NPT Signed


The Treaty on the Non-Proliferation of Nuclear Weapons, commonly known as the Non-Proliferation Treaty or NPT, is an international treaty whose objective is to prevent the spread of nuclear weapons and weapons technology, to promote cooperation in the peaceful uses of nuclear energy, and to further the goal of achieving nuclear disarmament and general and complete disarmament.

The treaty recognizes five states as nuclear-weapon states: the United States, Russia, the United Kingdom, France, and China (also the five permanent members of the United Nations Security Council).

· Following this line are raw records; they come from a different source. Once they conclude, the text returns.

text \<open>On the finiteness domain, $t \ge 0$ forces $t < 2 \ln 2$, hence $e^{-t} > 1/4$.\<close>
lemma mgf_ge_one_eighth:
  assumes "mgf_finite t"
  shows "1 / 8 \<le> mgf t"
proof (cases "t < 0")
  case True
  then show ?thesis
    using one_le_mgf_if_neg[OF assms] by simp
next
  case False
  define u where "u = exp (- t)"
  define w where "w = exp (t * log 2 3) * exp (- t)"
  have w_exp: "w = exp (t * (log 2 3 - 1))"
    by (simp add: w_def algebra_simps flip: exp_add)
  have u: "u \<le> 1"
    using False by (simp add: u_def)
  have "w < 2"
    using assms by (simp add: mgf_finite_def w_def)
  moreover have "1 \<le> w"
    using False log2_3_ge by (simp add: w_exp)
  ultimately have w: "1 \<le> w" "w < 2"
    by simp_all
  have "t * (log 2 3 - 1) < ln 2"
    using w(2) w_exp by (metis exp_less_cancel_iff exp_ln zero_less_numeral)
  moreover have "t * (1 / 2) \<le> t * (log 2 3 - 1)"
    using False log2_3_ge by (intro mult_left_mono) simp_all
  ultimately have "exp (- 2 * ln 2) < u"
    by (simp add: u_def)
  moreover have "exp (- 2 * ln (2::real)) = 1 / 4"
    by (simp add: exp_minus exp_of_nat_mult[of 2, simplified] power2_eq_square)
  ultimately have "1 / 4 < u"
    by simp
  moreover have "u \<le> w * u"
    using mult_right_mono[OF w(1), of u] by (simp add: u_def)
  ultimately have wu: "1 / 4 < w * u"
    by linarith
  have "(2 - u) * (2 - w) \<le> 2 - u"
    using mult_left_mono[of "2 - w" 1 "2 - u"] u w by simp
  moreover have "0 < u"
    by (simp add: u_def)
  ultimately have "(2 - u) * (2 - w) \<le> 2"
    by linarith
  moreover have "0 < (2 - u) * (2 - w)"
    using u w by simp
  ultimately have "w * u / 2 \<le> w * u / ((2 - u) * (2 - w))"
    using wu by (intro divide_left_mono) simp_all
  moreover have "mgf t = w * u / ((2 - u) * (2 - w))"
    by (simp add: mgf_def u_def w_def power2_eq_square mult.assoc)
  ultimately show ?thesis
    using wu by simp
qed

lemma mgf_half_ln2: "mgf_finite (ln 2 / 2) \<and> mgf (ln 2 / 2) < 1"
proof -
  define t :: real where "t = ln 2 / 2"
  define u where "u = exp (- t)"
  define w where "w = exp (t * log 2 3) * exp (- t)"
  have "u\<^sup>2 = exp (- ln 2)"
    by (simp add: u_def t_def flip: exp_of_nat_mult)
  then have u2: "u\<^sup>2 = 1 / 2"
    by (simp add: exp_minus)
  have "w\<^sup>2 = exp (ln 3 - ln 2)"
    by (simp add: w_def t_def log_def power_mult_distrib algebra_simps flip: exp_of_nat_mult exp_add)
  then have w2: "w\<^sup>2 = 3 / 2"
    by (simp add: exp_diff)
  have "(w * u)\<^sup>2 = w\<^sup>2 * u\<^sup>2"
    by (simp add: power_mult_distrib)
  also have "\<dots> = 3 / 4"
    by (simp only: u2 w2)
  finally have wu2: "(w * u)\<^sup>2 = 3 / 4" .
  have wu: "w * u < 0.87"
    by (rule power_less_imp_less_base[of _ 2]) (simp_all only: wu2, simp_all add: power2_eq_square)
  have u: "u < 0.71"
    by (rule power_less_imp_less_base[of _ 2]) (simp_all only: u2, simp_all add: power2_eq_square)
  have w: "w < 1.23"
    by (rule power_less_imp_less_base[of _ 2]) (simp_all only: w2, simp_all add: power2_eq_square)
  have "1.29 * 0.77 < (2 - u) * (2 - w)"
    using u w by (intro mult_strict_mono) auto
  then have "w * u < (2 - u) * (2 - w)" and "0 < (2 - u) * (2 - w)"
    using wu u w by simp_all
  then have "w * u / ((2 - u) * (2 - w)) < 1"
    by simp
  moreover have "mgf t = w * u / ((2 - u) * (2 - w))"
    by (simp add: mgf_def u_def w_def power2_eq_square mult.assoc)
  moreover have "mgf_finite t"
    using u w by (simp add: mgf_finite_def u_def w_def)
  ultimately show ?thesis
    by (simp add: t_def)
qed

lemma I0_eq: "I0 = (SUP t\<in>{t. mgf_finite t}. - ln (mgf t))"
proof -
  have "{t. MX t < \<infinity>} = {t. mgf_finite t}"
    by (auto simp: MX_eq)
  moreover have "enn2real (MX t) = mgf t" if "mgf_finite t" for t
    using that mgf_pos[OF that] by (simp add: MX_eq)
  ultimately show ?thesis
    unfolding I0_def by (intro SUP_cong) auto
qed

lemma bdd_above_neg_ln_mgf: "bdd_above ((\<lambda>t. - ln (mgf t)) ` {t. mgf_finite t})"
proof (rule bdd_aboveI2)
  fix t
  assume "t \<in> {t. mgf_finite t}"
  then have "ln (1 / 8) \<le> ln (mgf t)"
    using mgf_ge_one_eighth mgf_pos by simp
  then show "- ln (mgf t) \<le> ln 8"
    by (simp add: ln_div)
qed

section \<open>Chernoff weights of residues\<close>

definition cyc_weight :: "real \<Rightarrow> nat \<Rightarrow> nat \<Rightarrow> nat \<Rightarrow> real" where
  "cyc_weight t k D n = (if cyc_val n k < D
     then exp (t * (real (cyc_steps n k) * log 2 3 - real (cyc_val n k))) else 0)"

definition cyc_tail :: "nat \<Rightarrow> nat \<Rightarrow> nat \<Rightarrow> real" where
  "cyc_tail k D n = (if cyc_val n k < D then 0 else 1)"

lemma cyc_weight_nonneg: "0 \<le> cyc_weight t k D n"
  by (simp add: cyc_weight_def)

lemma cyc_tail_nonneg: "0 \<le> cyc_tail k D n"
  by (simp add: cyc_tail_def)

lemma cyc_weight_mod_pow2: "odd x \<Longrightarrow> D \<ge> 1 \<Longrightarrow> cyc_weight t k D (x mod 2 ^ D) = cyc_weight t k D x"
  using cycles_mod_pow2_trunc by (simp add: cyc_weight_def)

lemma cyc_tail_mod_pow2: "odd x \<Longrightarrow> D \<ge> 1 \<Longrightarrow> cyc_tail k D (x mod 2 ^ D) = cyc_tail k D x"
  using cycles_mod_pow2_trunc by (simp add: cyc_tail_def)

lemma cyc_weight_tail_step:
  assumes "odd \<rho>" and "k \<ge> 1" and "aval \<rho> 0 = a" and "a < D"
  defines "\<sigma> \<equiv> syr \<rho> mod 2 ^ (D - a)"
  shows "cyc_weight t k D \<rho> = exp (t * (log 2 3 - real a)) * cyc_weight t (cycles_after a k) (D - a) \<sigma>"
    and "cyc_tail k D \<rho> = cyc_tail (cycles_after a k) (D - a) \<sigma>"
proof -
  define k' where "k' = cycles_after a k"
  have D: "D - a \<ge> 1"
    using assms(4) by simp
  have val: "cyc_val \<rho> k = a + cyc_val (syr \<rho>) k'"
    using cyc_val_rec[OF assms(1,2)] by (simp add: assms(3) k'_def)
  have steps: "cyc_steps \<rho> k = Suc (cyc_steps (syr \<rho>) k')"
    using cyc_steps_rec[OF assms(1,2)] by (simp add: assms(3) k'_def)
  have less_iff: "cyc_val \<rho> k < D \<longleftrightarrow> cyc_val (syr \<rho>) k' < D - a"
    using val assms(4) by auto
  have "exp (t * (real (cyc_steps \<rho> k) * log 2 3 - real (cyc_val \<rho> k)))
      = exp (t * (log 2 3 - real a))
        * exp (t * (real (cyc_steps (syr \<rho>) k') * log 2 3 - real (cyc_val (syr \<rho>) k')))"
    unfolding val steps by (simp add: algebra_simps flip: exp_add)
  then have "cyc_weight t k D \<rho> = exp (t * (log 2 3 - real a)) * cyc_weight t k' (D - a) (syr \<rho>)"
    unfolding cyc_weight_def using less_iff by simp
  then show "cyc_weight t k D \<rho> = exp (t * (log 2 3 - real a)) * cyc_weight t k' (D - a) \<sigma>"
    by (simp add: \<sigma>_def cyc_weight_mod_pow2[OF odd_syr D])
  have "cyc_tail k D \<rho> = cyc_tail k' (D - a) (syr \<rho>)"
    unfolding cyc_tail_def using less_iff by simp
  then show "cyc_tail k D \<rho> = cyc_tail k' (D - a) \<sigma>"
    by (simp add: \<sigma>_def cyc_tail_mod_pow2[OF odd_syr D])
qed

definition weight_sum :: "real \<Rightarrow> nat \<Rightarrow> nat \<Rightarrow> real" where
  "weight_sum t k D = (\<Sum>\<rho>\<in>odd_residues D. cyc_weight t k D \<rho>)"

definition tail_sum :: "nat \<Rightarrow> nat \<Rightarrow> real" where
  "tail_sum k D = (\<Sum>\<rho>\<in>odd_residues D. cyc_tail k D \<rho>)"

lemma weight_sum_rec:
  assumes "k \<ge> 1" and "D \<ge> 1"
  shows "weight_sum t k D
    \<le> (\<Sum>a\<in>{1..<D}. exp (t * (log 2 3 - real a)) * weight_sum t (cycles_after a k) (D - a))"
proof -
  have "cyc_weight t k D \<rho> = 0" if "\<rho> \<in> odd_residues D" "D \<le> aval \<rho> 0" for \<rho>
    using that aval_le_cyc_val[of \<rho> k] assms(1) by (simp add: cyc_weight_def odd_residues_def)
  then have "weight_sum t k D
      = (\<Sum>a\<in>{1..<D}. \<Sum>\<rho>\<in>{\<rho>\<in>odd_residues D. aval \<rho> 0 = a}. cyc_weight t k D \<rho>)"
    unfolding weight_sum_def sum_residues_by_aval[OF assms(2)] by simp
  also have "\<dots> \<le> (\<Sum>a\<in>{1..<D}. exp (t * (log 2 3 - real a)) * weight_sum t (cycles_after a k) (D - a))"
  proof (rule sum_mono)
    fix a
    assume a: "a \<in> {1..<D}"
    have "(\<Sum>\<rho>\<in>{\<rho>\<in>odd_residues D. aval \<rho> 0 = a}. cyc_weight t k D \<rho>)
        = exp (t * (log 2 3 - real a))
          * (\<Sum>\<rho>\<in>{\<rho>\<in>odd_residues D. aval \<rho> 0 = a}.
               cyc_weight t (cycles_after a k) (D - a) (syr \<rho> mod 2 ^ (D - a)))"
      using a cyc_weight_tail_step(1)[OF _ assms(1)]
      by (simp add: sum_distrib_left odd_residues_def)
    also have "\<dots> \<le> exp (t * (log 2 3 - real a)) * weight_sum t (cycles_after a k) (D - a)"
      unfolding weight_sum_def using a
      by (intro mult_left_mono sum_residues_syr_le cyc_weight_nonneg) simp_all
    finally show "(\<Sum>\<rho>\<in>{\<rho>\<in>odd_residues D. aval \<rho> 0 = a}. cyc_weight t k D \<rho>)
        \<le> exp (t * (log 2 3 - real a)) * weight_sum t (cycles_after a k) (D - a)" .
  qed
  finally show ?thesis .
qed
(* The edge generating series of the Fibonacci posets is $$\sum_{n\ge0}\ell(\mathcal{F}_n)x^n=\frac{x^2}{(1-x-x^2)^2},$$ and for every $n\ge0$, $\ell(\mathcal{F}_n)=\frac{nL_n-F_n}{5}$. Moreover $\ell(\mathcal{F}_n)\sim\frac n5\varphi^n$ and $i(\mathcal{F}_n)\sim\frac{n}{\sqrt5\,\varphi}$, where $\varphi=(1+\sqrt5)/2$.
   Context: Steps: $U=(1,1)$, $D=(1,-1)$, $H=(1,0)$. A Fibonacci path of length $n$ is a lattice path from $(0,0)$ to $(n,0)$ with steps $U,D,H$ that stays in the strip $0\le y\le1$ and whose $H$ steps all lie on the $x$-axis. $\mathcal{F}_n$ is the set of Fibonacci paths of length $n$, partially ordered by $\gamma_1\le\gamma_2$ iff $\gamma_1$ lies weakly below $\gamma_2$. $\ell(P)$ is the number of edges (covering pairs) of the Hasse diagram of a finite poset $P$ and $i(P)=\ell(P)/|P|$. $F_n$ are the Fibonacci numbers ($F_0=0$, $F_1=1$, $F_{n+2}=F_{n+1}+F_n$) and $L_n$ the Lucas numbers ($L_0=2$, $L_1=1$, $L_{n+2}=L_{n+1}+L_n$). $a_n\sim b_n$ means $a_n/b_n\to1$. *)

theory Defs
  imports "HOL-Analysis.Analysis" "HOL-Computational_Algebra.Formal_Power_Series"
    "HOL-Library.Landau_Symbols" "HOL-Number_Theory.Fib"
begin

text \<open>Steps U = (1,1), D = (1,-1), H = (1,0) of a lattice path.\<close>
datatype step = U | D | H

fun step_dy :: "step \<Rightarrow> int" where
  "step_dy U = 1" | "step_dy D = -1" | "step_dy H = 0"

definition ht :: "step list \<Rightarrow> nat \<Rightarrow> int" where
  "ht p k = sum_list (map step_dy (take k p))"

definition fib_path :: "nat \<Rightarrow> step list \<Rightarrow> bool" where
  "fib_path n p \<longleftrightarrow> length p = n \<and> ht p n = 0
     \<and> (\<forall>k\<le>n. 0 \<le> ht p k \<and> ht p k \<le> 1)
     \<and> (\<forall>k<n. p ! k = H \<longrightarrow> ht p k = 0)"

definition FibPaths :: "nat \<Rightarrow> step list set" where
  "FibPaths n = {p. fib_path n p}"

text \<open>p lies weakly below q (paths are piecewise linear between lattice points,
  so it suffices to compare heights at integer abscissae).\<close>
definition below :: "step list \<Rightarrow> step list \<Rightarrow> bool" where
  "below p q \<longleftrightarrow> (\<forall>k\<le>length p. ht p k \<le> ht q k)"

definition hasse_edges :: "'a set \<Rightarrow> ('a \<Rightarrow> 'a \<Rightarrow> bool) \<Rightarrow> nat" where
  "hasse_edges P le = card {(a, b). a \<in> P \<and> b \<in> P \<and> le a b \<and> a \<noteq> b \<and>
      \<not> (\<exists>c\<in>P. le a c \<and> le c b \<and> c \<noteq> a \<and> c \<noteq> b)}"

definition ell :: "nat \<Rightarrow> nat" where
  "ell n = hasse_edges (FibPaths n) below"

definition iota :: "nat \<Rightarrow> real" where
  "iota n = real (ell n) / real (card (FibPaths n))"

fun lucas :: "nat \<Rightarrow> nat" where
  "lucas 0 = 2" | "lucas (Suc 0) = 1" | "lucas (Suc (Suc n)) = lucas (Suc n) + lucas n"
(* Assume $\sigma$ is $1$-Lipschitz and $M_2<\infty$. Let $\bar w=(\bar w_1,\bar w_2)\in\mathsf W$ be a minimizer of $w\mapsto\|f_w-f_{\mathbf P}\|_{\mathbb L_2(\mu)}$ over $\mathsf W$, and let $p=p_1\otimes p_2=\mathcal N(\bar w_1,\tau_1^2\mathbf I_{D_0D_1})\otimes\mathcal N(\bar w_2,\tau_2^2\mathbf I_{D_1D_2})$ with $\tau_1,\tau_2>0$. Then, with $G_2(w_1)=\|f_{w_1,\bar w_2}-f_{\bar w}\|^2_{\mathbb L_2(\mu)}$, $$\int G_2(w_1)\,p_1(dw_1)\le D_0\big(M_2\tau_1\|\bar w_2\|_{1,2}\big)^2\le C_1D_0D_1\tau_1^2,\qquad C_1=(M_2\|\bar w_2\|_F)^2.$$
   Context: $\mathcal X\subset\mathbb R^{D_0}$ Borel, $\mu$ a $\sigma$-finite measure on $\mathcal X$, $M_2^2=D_0^{-1}\int\|x\|_2^2\mu(dx)$, $\|f\|^2_{\mathbb L_2(\mu)}=\int\|f(x)\|_2^2\mu(dx)$, $f_{\mathbf P}\in\mathbb L_2(\mu)$ a given target. Parameters $w=(w_1,w_2)\in\mathsf W=\mathbb R^{D_0\times D_1}\times\mathbb R^{D_1\times D_2}$; $f_w=f_{w_1,w_2}$, $f_w(x)=w_2^\top\bar\sigma(w_1^\top x)$, $\bar\sigma$ coordinatewise. $\|\cdot\|_F$ is the Frobenius norm and, for $\bar w_2=(\bar w_{2,ij})\in\mathbb R^{D_1\times D_2}$, $\|\bar w_2\|_{1,2}=\big(\sum_{j=1}^{D_2}(\sum_{i=1}^{D_1}|\bar w_{2,ij}|)^2\big)^{1/2}$. $1$-Lipschitz means $|\sigma(u)-\sigma(u')|\le|u-u'|$. *)

theory Defs
  imports "HOL-Probability.Probability"
begin

text \<open>Two-layer network f_w(x) = w2^T sigma(w1^T x), with w1 a D0 x D1 matrix
  (rows indexed by 'd0, columns by 'd1) and w2 a D1 x D2 matrix.\<close>
definition nn :: "(real \<Rightarrow> real) \<Rightarrow> real^'d1^'d0 \<Rightarrow> real^'d2^'d1 \<Rightarrow> real^'d0 \<Rightarrow> real^'d2" where
  "nn \<sigma> w1 w2 x = transpose w2 *v (\<chi> i. \<sigma> ((transpose w1 *v x) $ i))"

definition L2sq :: "'a measure \<Rightarrow> ('a \<Rightarrow> real^'d) \<Rightarrow> ennreal" where
  "L2sq \<mu> f = (\<integral>\<^sup>+ x. ennreal ((norm (f x))\<^sup>2) \<partial>\<mu>)"

definition M2 :: "(real^'d0) measure \<Rightarrow> real" where
  "M2 \<mu> = sqrt ((1 / real CARD('d0)) * (\<integral> x. (norm x)\<^sup>2 \<partial>\<mu>))"

definition frob_norm :: "real^'n^'m \<Rightarrow> real" where
  "frob_norm w = sqrt (\<Sum>i\<in>UNIV. \<Sum>j\<in>UNIV. (w $ i $ j)\<^sup>2)"

definition norm12 :: "real^'n^'m \<Rightarrow> real" where
  "norm12 w = sqrt (\<Sum>j\<in>UNIV. (\<Sum>i\<in>UNIV. \<bar>w $ i $ j\<bar>)\<^sup>2)"

definition gauss_mat :: "real^'n^'m \<Rightarrow> real \<Rightarrow> (real^'n^'m) measure" where
  "gauss_mat m \<tau> = density lborel
     (\<lambda>w. ennreal (\<Prod>i\<in>UNIV. \<Prod>j\<in>UNIV. normal_density (m $ i $ j) \<tau> (w $ i $ j)))"

end

theory Submission
  imports Defs
begin

(* Since \<sigma> is 1-Lipschitz, the j-th output of f_{w1,wb2}(x) - f_{wb}(x) is bounded by
   \<Sum>_i |wb2_ij| |z_i| with z = (w1 - wb1)^T x, and weighted Cauchy-Schwarz bounds its square by
   (\<Sum>_i |wb2_ij|) (\<Sum>_i |wb2_ij| z_i^2).  Under p1 the entries of w1 - wb1 are independent,
   centred, of variance \<tau>1^2, so E z_i^2 = \<tau>1^2 |x|^2; summing over j and integrating in x
   (Tonelli) gives \<tau>1^2 ||wb2||_{1,2}^2 \<integral> |x|^2 d\<mu> = D0 (M2 \<tau>1 ||wb2||_{1,2})^2.
   The second inequality is Cauchy-Schwarz in the form ||w||_{1,2}^2 \<le> D1 ||w||_F^2. *)

lemma borel_measurable_matrix_nth[measurable]:
  "(\<lambda>w::real^'n^'m. w $ k $ i) \<in> borel_measurable borel"
  by (intro borel_measurable_continuous_onI continuous_intros)

lemma has_bochner_integral_lborel_prod_Basis:
  fixes f :: "'a::euclidean_space \<Rightarrow> real \<Rightarrow> real"
  assumes int: "\<And>b. b \<in> Basis \<Longrightarrow> integrable lborel (f b)"
  shows "has_bochner_integral lborel (\<lambda>x::'a. \<Prod>b\<in>Basis. f b (x \<bullet> b))
           (\<Prod>b\<in>Basis. \<integral>t. f b t \<partial>lborel)"
proof -
  interpret product_sigma_finite "\<lambda>_::'a. lborel :: real measure"
    by standard
  have coords: "(\<Sum>b'\<in>Basis. g b' *\<^sub>R b') \<bullet> b = g b" if "b \<in> Basis" for g :: "'a \<Rightarrow> real" and b
    using that by (simp add: inner_sum_left inner_Basis if_distrib cong: if_cong)
  have "has_bochner_integral (\<Pi>\<^sub>M b\<in>Basis. lborel) (\<lambda>g. \<Prod>b\<in>Basis. f b (g b))
          (\<Prod>b\<in>Basis. \<integral>t. f b t \<partial>lborel)"
    using int by (simp add: has_bochner_integral_iff product_integrable_prod product_integral_prod)
  then have "has_bochner_integral (\<Pi>\<^sub>M b\<in>Basis. lborel)
      (\<lambda>g. \<Prod>b\<in>Basis. f b ((\<Sum>b'\<in>Basis. g b' *\<^sub>R b') \<bullet> b)) (\<Prod>b\<in>Basis. \<integral>t. f b t \<partial>lborel)"
    by (simp add: coords)
  then show ?thesis
    unfolding lborel_eq[where 'a='a]
    by (intro has_bochner_integral_distr) (use int in measurable)
qed

lemma bij_betw_matrix_Basis:
  "bij_betw (\<lambda>(k, i). axis k (axis i 1)) UNIV (Basis :: (real^'n^'m) set)"
  by (auto simp: bij_betw_def inj_def axis_eq_axis Basis_vec_def)

lemma has_bochner_integral_lborel_prod_matrix:
  fixes g :: "'m::finite \<times> 'n::finite \<Rightarrow> real \<Rightarrow> real"
  assumes int: "\<And>p. integrable lborel (g p)"
  shows "has_bochner_integral lborel (\<lambda>w::real^'n^'m. \<Prod>p\<in>UNIV. g p (w $ fst p $ snd p))
           (\<Prod>p\<in>UNIV. \<integral>t. g p t \<partial>lborel)"
proof -
  define e :: "'m \<times> 'n \<Rightarrow> real^'n^'m" where "e = (\<lambda>(k, i). axis k (axis i 1))"
  have e: "bij_betw e UNIV Basis"
    unfolding e_def by (rule bij_betw_matrix_Basis)
  have inner_e: "w \<bullet> e p = w $ fst p $ snd p" for w :: "real^'n^'m" and p
    by (simp add: e_def inner_axis case_prod_beta)
  define f where "f b = g (inv_into UNIV e b)" for b
  have f_e: "f (e p) = g p" for p
    using e by (simp add: f_def bij_betw_inv_into_left)
  have "has_bochner_integral lborel (\<lambda>w::real^'n^'m. \<Prod>b\<in>Basis. f b (w \<bullet> b))
           (\<Prod>b\<in>Basis. \<integral>t. f b t \<partial>lborel)"
    using e int by (intro has_bochner_integral_lborel_prod_Basis)
      (auto simp: f_def bij_betw_def)
  then show ?thesis
    by (simp add: prod.reindex_bij_betw[OF e, symmetric] f_e inner_e)
qed

lemma has_bochner_integral_gauss_mat_moment:
  fixes m :: "real^'n^'m" and n :: "'m \<times> 'n \<Rightarrow> nat"
  assumes "\<tau> > 0"
  shows "has_bochner_integral (gauss_mat m \<tau>)
           (\<lambda>w. \<Prod>p\<in>UNIV. (w $ fst p $ snd p - m $ fst p $ snd p) ^ n p)
           (\<Prod>p\<in>UNIV. \<integral>t. normal_density (m $ fst p $ snd p) \<tau> t * (t - m $ fst p $ snd p) ^ n p \<partial>lborel)"
proof -
  have density: "(\<Prod>i\<in>UNIV. \<Prod>j\<in>UNIV. normal_density (m $ i $ j) \<tau> (w $ i $ j))
      = (\<Prod>p\<in>UNIV. normal_density (m $ fst p $ snd p) \<tau> (w $ fst p $ snd p))" for w :: "real^'n^'m"
    by (simp add: prod.cartesian_product case_prod_beta)
  have "has_bochner_integral lborel
      (\<lambda>w::real^'n^'m. \<Prod>p\<in>UNIV. normal_density (m $ fst p $ snd p) \<tau> (w $ fst p $ snd p)
                          * (w $ fst p $ snd p - m $ fst p $ snd p) ^ n p)
      (\<Prod>p\<in>UNIV. \<integral>t. normal_density (m $ fst p $ snd p) \<tau> t * (t - m $ fst p $ snd p) ^ n p \<partial>lborel)"
    using assms by (intro has_bochner_integral_lborel_prod_matrix integrable_normal_moment)
  then show ?thesis
    unfolding gauss_mat_def density
    by (intro has_bochner_integral_density) (measurable, measurable, auto simp: prod.distrib intro!: prod_nonneg)
qed

lemma prob_space_gauss_mat:
  assumes "\<tau> > 0"
  shows "prob_space (gauss_mat m \<tau>)"
proof -
  have "has_bochner_integral (gauss_mat m \<tau>) (\<lambda>_. 1::real) 1"
    using has_bochner_integral_gauss_mat_moment[OF assms, of m "\<lambda>_. 0"] assms
    by simp
  then show ?thesis
    by (intro prob_spaceI) (auto simp: has_bochner_integral_iff integrable_iff_bounded emeasure_eq_ennreal_measure)
qed

lemma has_bochner_integral_gauss_mat_cross_moment:
  fixes m :: "real^'n^'m"
  assumes "\<tau> > 0"
  shows "has_bochner_integral (gauss_mat m \<tau>) (\<lambda>w. (w $ k $ i - m $ k $ i) * (w $ k' $ i' - m $ k' $ i'))
           (if (k, i) = (k', i') then \<tau>\<^sup>2 else 0)"
proof -
  define n where "n p = (if p = (k, i) then 1 else 0) + (if p = (k', i') then 1 else (0::nat))" for p
  define moment where "moment p = (\<integral>t. normal_density (m $ fst p $ snd p) \<tau> t * (t - m $ fst p $ snd p) ^ n p \<partial>lborel)" for p
  have integrand: "(\<Prod>p\<in>UNIV. (w $ fst p $ snd p - m $ fst p $ snd p) ^ n p)
      = (w $ k $ i - m $ k $ i) * (w $ k' $ i' - m $ k' $ i')" for w :: "real^'n^'m"
  proof -
    have "x ^ n p = (if p = (k, i) then x else 1) * (if p = (k', i') then x else 1)" for x :: real and p
      by (simp add: n_def power_add)
    then show ?thesis
      by (simp add: prod.distrib)
  qed
  have "(\<Prod>p\<in>UNIV. moment p) = (if (k, i) = (k', i') then \<tau>\<^sup>2 else 0)"
  proof (cases "(k, i) = (k', i')")
    case True
    then have "moment p = (if p = (k, i) then \<tau>\<^sup>2 else 1)" for p
      using assms integral_normal_moment_even[OF assms, of _ 1]
      by (auto simp: moment_def n_def power2_eq_square)
    then show ?thesis
      using True by simp
  next
    case False
    then have "moment (k, i) = 0"
      using integral_normal_moment_odd[OF assms, of _ 0] by (auto simp: moment_def n_def)
    then show ?thesis
      using False by auto
  qed
  then show ?thesis
    using has_bochner_integral_gauss_mat_moment[OF assms, of m n]
    by (simp add: integrand moment_def)
qed

lemma has_bochner_integral_gauss_mat_vector_matrix_mult_sq:
  fixes m :: "real^'n^'m"
  assumes "\<tau> > 0"
  shows "has_bochner_integral (gauss_mat m \<tau>) (\<lambda>w. ((x v* (w - m)) $ i)\<^sup>2) (\<tau>\<^sup>2 * (norm x)\<^sup>2)"
proof -
  have expand: "((x v* (w - m)) $ i)\<^sup>2
      = (\<Sum>k\<in>UNIV. \<Sum>k'\<in>UNIV. (x $ k * x $ k') * ((w $ k $ i - m $ k $ i) * (w $ k' $ i - m $ k' $ i)))"
    for w :: "real^'n^'m"
    by (simp add: vector_matrix_mult_def power2_eq_square sum_product algebra_simps)
  have "has_bochner_integral (gauss_mat m \<tau>) (\<lambda>w. ((x v* (w - m)) $ i)\<^sup>2)
      (\<Sum>k\<in>UNIV. \<Sum>k'\<in>UNIV. (x $ k * x $ k') * (if (k, i) = (k', i) then \<tau>\<^sup>2 else 0))"
    unfolding expand
    by (intro has_bochner_integral_sum has_bochner_integral_mult_right
        has_bochner_integral_gauss_mat_cross_moment assms)
  moreover have "(\<Sum>k\<in>UNIV. \<Sum>k'\<in>UNIV. (x $ k * x $ k') * (if (k, i) = (k', i) then \<tau>\<^sup>2 else 0))
      = \<tau>\<^sup>2 * (norm x)\<^sup>2"
    by (simp add: power2_norm_eq_inner inner_vec_def if_distrib sum_distrib_left mult_ac cong: if_cong)
  ultimately show ?thesis
    by simp
qed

Four other states are known or believed to possess nuclear weapons: India, Pakistan and North Korea have openly tested and declared that they possess nuclear weapons, while Israel has had a policy of opacity regarding its nuclear weapons program.

The NPT is often seen to be based on a central bargain: “the NPT non-nuclear-weapon states agree never to acquire nuclear weapons and the NPT nuclear-weapon states in exchange agree to share the benefits of peaceful nuclear technology and to pursue nuclear disarmament aimed at the ultimate elimination of their nuclear arsenals”.


Opened for signature on July 1, 1968, the Treaty entered into force in 1970. In 1995, the Treaty was extended indefinitely. More countries have adhered to the NPT than any other arms limitation and disarmament agreement, a testament to the Treaty's significance. A total of 190 states have joined the Treaty, though North Korea, which acceded to the NPT in 1985 but never came into compliance, announced its withdrawal in 2003. Four UN member states have never joined the NPT: India, Israel, Pakistan and South Sudan.